EXERCISE AIM:
Which lines of the records below contain the string "assumes"? Report each of them.
[[ THE DATA, beginning ]]
lemma abs_diff_powr_le:
  fixes a c p :: real
  assumes "0 \<le> p"
  shows "\<bar>a - c\<bar> powr p \<le> 2 powr p * (\<bar>a\<bar> powr p + \<bar>c\<bar> powr p)"
proof -
  have "\<bar>a - c\<bar> powr p \<le> (2 * max \<bar>a\<bar> \<bar>c\<bar>) powr p"
    using assms by (intro powr_mono2) auto
  also have "\<dots> = 2 powr p * max \<bar>a\<bar> \<bar>c\<bar> powr p"
    by (simp add: powr_mult)
  also have "\<dots> \<le> 2 powr p * (\<bar>a\<bar> powr p + \<bar>c\<bar> powr p)"
    by (intro mult_left_mono) (auto simp: max_def)
  finally show ?thesis .
qed

lemma abs_powr_above_tangent:
  fixes a c p :: real
  assumes "1 < p"
  shows "\<bar>c\<bar> powr p + p * signed_pow c (p - 1) * (a - c) \<le> \<bar>a\<bar> powr p"
proof -
  have pos: "c powr p + p * c powr (p - 1) * (a - c) \<le> \<bar>a\<bar> powr p" if "0 < c" for a c :: real
  proof (cases "0 < a")
    case True
    have "((\<lambda>x. x powr p) has_field_derivative p * c powr (p - 1)) (at c within {0<..})"
      using has_real_derivative_powr[OF \<open>0 < c\<close>] has_field_derivative_at_within by blast
    from convex_on_imp_above_tangent[OF powr_convex[of p] _ _ _ this, of a]
    show ?thesis
      using assms that True by (simp add: interior_open)
  next
    case False
    have "c powr p = c powr (p - 1) * c"
      using powr_add[of c "p - 1" 1] that by simp
    then have "c powr p + p * c powr (p - 1) * (a - c) = c powr (p - 1) * ((1 - p) * c + p * a)"
      by (simp add: algebra_simps)
    also have "\<dots> \<le> 0"
    proof -
      have "(1 - p) * c \<le> 0" "p * a \<le> 0"
        using assms that False by (auto intro: mult_nonpos_nonneg mult_nonneg_nonpos)
      then show ?thesis
        by (intro mult_nonneg_nonpos) auto
    qed
    finally show ?thesis
      by (meson order.trans powr_ge_zero)
  qed
  consider "c = 0" | "0 < c" | "c < 0"
    by linarith
  then show ?thesis
  proof cases
    case 2
    then show ?thesis using pos[of c a] by (simp add: signed_pow_eq_sgn)
  next
    case 3
    then show ?thesis using pos[of "- c" "- a"] by (simp add: signed_pow_eq_sgn algebra_simps)
  qed simp
qed

lemma young_powr:
  fixes a c p :: real
  assumes "1 < p" "0 \<le> a" "0 \<le> c"
  shows "a powr (p - 1) * c \<le> (p - 1) / p * a powr p + 1 / p * c powr p"
proof -
  have "a powr (p - 1) * c \<le> (a powr (p - 1)) powr (p / (p - 1)) / (p / (p - 1)) + c powr p / p"
    using assms by (intro Youngs_inequality) (auto simp: field_simps)
  also have "(a powr (p - 1)) powr (p / (p - 1)) = a powr p"
    using assms by (simp add: powr_powr)
  finally show ?thesis
    using assms by (simp add: field_simps)
qed

lemma young_powr_eps:
  fixes a c p \<delta> :: real
  assumes "1 < p" "0 < \<delta>" "0 \<le> a" "0 \<le> c"
  shows "a powr (p - 1) * c \<le> \<delta> * a powr p + 1 / \<delta> powr (p - 1) * c powr p"
proof (cases "c \<le> \<delta> * a")
  case True
  have "a powr (p - 1) * c \<le> a powr (p - 1) * (\<delta> * a)"
    using True assms by (intro mult_left_mono) auto
  also have "\<dots> = \<delta> * a powr p"
    using powr_add[of a "p - 1" 1] assms by (cases "a = 0") (auto simp: algebra_simps)
  finally show ?thesis
    using assms by (intro add_increasing2) auto
next
  case False
  then have "a \<le> c / \<delta>"
    using assms by (simp add: field_simps)
  then have "a powr (p - 1) * c \<le> (c / \<delta>) powr (p - 1) * c"
    using assms by (intro mult_right_mono powr_mono2) auto
  also have "\<dots> = 1 / \<delta> powr (p - 1) * c powr p"
    using powr_add[of c "p - 1" 1] assms by (cases "c = 0") (auto simp: powr_divide algebra_simps)
  finally show ?thesis
    using assms by (intro add_increasing) auto
qed

text \<open>Picone's inequality, first for \<open>t < s\<close>: writing \<open>\<theta> = (s - t) / s\<close>, the point \<open>\<alpha>\<close> is the convex
  combination \<open>\<theta> X + (1 - \<theta>) Y\<close> of \<open>X = (\<alpha> - \<beta>) / \<theta>\<close> and \<open>Y = \<beta> / (1 - \<theta>)\<close>, and convexity of
  \<open>x\<^sup>p\<close> gives the claim.\<close>

lemma picone_less:
  fixes s t \<alpha> \<beta> p :: real
  assumes "1 < p" "0 < t" "t < s" "0 \<le> \<alpha>" "0 \<le> \<beta>"
  shows "(s - t) powr (p - 1) * (\<alpha> powr p / s powr (p - 1) - \<beta> powr p / t powr (p - 1))
           \<le> \<bar>\<alpha> - \<beta>\<bar> powr p"
proof (cases "\<alpha> \<le> \<beta>")
  case True
  have "\<alpha> powr p / s powr (p - 1) \<le> \<beta> powr p / t powr (p - 1)"
    using assms True by (intro frac_le powr_mono2) auto
  then have "(s - t) powr (p - 1) * (\<alpha> powr p / s powr (p - 1) - \<beta> powr p / t powr (p - 1)) \<le> 0"
    by (intro mult_nonneg_nonpos) auto
  then show ?thesis
    by (meson order.trans powr_ge_zero)
next
  case False
  define q where "q = p - 1"
  have p_eq: "p = q + 1" and "0 < q"
    using assms by (auto simp: q_def)
  define \<theta> where "\<theta> = (s - t) / s"
  have \<theta>: "0 < \<theta>" "0 < 1 - \<theta>" and one_minus_\<theta>: "1 - \<theta> = t / s"
    using assms by (auto simp: \<theta>_def field_simps)
  define X where "X = (\<alpha> - \<beta>) / \<theta>"
  define Y where "Y = \<beta> / (1 - \<theta>)"
  have "\<alpha> = \<theta> * X + (1 - \<theta>) * Y"
    using \<theta> by (simp add: X_def Y_def)
  then have "\<alpha> powr p \<le> \<theta> * X powr p + (1 - \<theta>) * Y powr p"
    using powr_convex_ineq[of p X Y \<theta>] assms \<theta> False by (auto simp: X_def Y_def)
  also have "\<theta> * X powr p = (\<alpha> - \<beta>) powr p / \<theta> powr q"
    using \<theta> False by (simp add: X_def powr_divide p_eq powr_add)
  also have "(1 - \<theta>) * Y powr p = \<beta> powr p / (1 - \<theta>) powr q"
    using \<theta> assms by (simp add: Y_def powr_divide p_eq powr_add)
  finally have "\<theta> powr q * \<alpha> powr p \<le> (\<alpha> - \<beta>) powr p + \<theta> powr q * \<beta> powr p / (1 - \<theta>) powr q"
    using \<theta> by (simp add: field_simps)
  moreover have "\<theta> powr q = (s - t) powr q / s powr q"
    using assms by (simp add: \<theta>_def powr_divide)
  moreover have "(1 - \<theta>) powr q = t powr q / s powr q"
    unfolding one_minus_\<theta> using assms by (simp add: powr_divide)
  ultimately have "(s - t) powr q * \<alpha> powr p / s powr q
      \<le> (\<alpha> - \<beta>) powr p + (s - t) powr q * \<beta> powr p / t powr q"
    using assms by (simp add: field_simps)
  then show ?thesis
    using False assms by (simp add: q_def[symmetric] field_simps)
qed

lemma picone:
  fixes s t \<alpha> \<beta> p :: real
  assumes "1 < p" "0 < s" "0 < t" "0 \<le> \<alpha>" "0 \<le> \<beta>"
  shows "signed_pow (s - t) (p - 1) * (\<alpha> powr p / s powr (p - 1) - \<beta> powr p / t powr (p - 1))
           \<le> \<bar>\<alpha> - \<beta>\<bar> powr p"
proof -
  consider "s = t" | "t < s" | "s < t"
    by linarith
  then show ?thesis
  proof cases
    case 2
    then show ?thesis
      using picone_less[OF assms(1,3) 2 assms(4,5)] by (simp add: signed_pow_eq_sgn)
  next
    case 3
    then show ?thesis
      using picone_less[OF assms(1,2) 3 assms(5,4)]
      by (simp add: signed_pow_eq_sgn abs_minus_commute algebra_simps)
  qed simp
qed

lemma signed_pow_diff_mult_inverse_neg:
  fixes s t p :: real
  assumes "1 < p" "0 < s" "0 < t" "s \<noteq> t"
  shows "signed_pow (s - t) (p - 1) * (1 / s powr (p - 1) - 1 / t powr (p - 1)) < 0"
proof (cases "s < t")
  case True
  then have "1 / t powr (p - 1) < 1 / s powr (p - 1)"
    using assms by (intro divide_strict_left_mono powr_less_mono2) auto
  moreover have "signed_pow (s - t) (p - 1) < 0"
    using True signed_pow_nonneg_iff[of "s - t" "p - 1"] by linarith
  ultimately show ?thesis
    by (simp add: mult_neg_pos)
next
  case False
  then have "1 / s powr (p - 1) < 1 / t powr (p - 1)"
    using assms by (intro divide_strict_left_mono powr_less_mono2) auto
  moreover have "0 < signed_pow (s - t) (p - 1)"
    using False assms(4) signed_pow_pos_iff[of "s - t" "p - 1"] by linarith
  ultimately show ?thesis
    by (simp add: mult_pos_neg)
qed

section \<open>Unordered sums\<close>

lemma summable_on_comparison_abs:
  fixes f g :: "'i \<Rightarrow> real"
  assumes "g summable_on A" "\<And>x. x \<in> A \<Longrightarrow> \<bar>f x\<bar> \<le> g x"
  shows "f summable_on A"
proof -
  have "(\<lambda>x. norm (f x)) summable_on A"
    using summable_on_comparison_test[OF assms(1)] assms(2) by fastforce
  then show ?thesis
    using summable_on_iff_abs_summable_on_real by blast
qed

lemma has_sum_diff:
  fixes f g :: "'i \<Rightarrow> 'b::topological_ab_group_add"
  assumes "(f has_sum a) A" "(g has_sum c) A"
  shows "((\<lambda>x. f x - g x) has_sum (a - c)) A"
proof -
  have "((\<lambda>x. - g x) has_sum - c) A"
    using assms(2) by (simp add: has_sum_uminus)
  then show ?thesis
    using has_sum_add[OF assms(1)] by fastforce
qed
[[ THE DATA, end ]]
ANSWER SECTION:
  assumes "0 \<le> p"
  assumes "1 < p"
  assumes "1 < p" "0 \<le> a" "0 \<le> c"
  assumes "1 < p" "0 < \<delta>" "0 \<le> a" "0 \<le> c"
  assumes "1 < p" "0 < t" "t < s" "0 \<le> \<alpha>" "0 \<le> \<beta>"
  assumes "1 < p" "0 < s" "0 < t" "0 \<le> \<alpha>" "0 \<le> \<beta>"
  assumes "1 < p" "0 < s" "0 < t" "s \<noteq> t"
  assumes "g summable_on A" "\<And>x. x \<in> A \<Longrightarrow> \<bar>f x\<bar> \<le> g x"
  assumes "(f has_sum a) A" "(g has_sum c) A"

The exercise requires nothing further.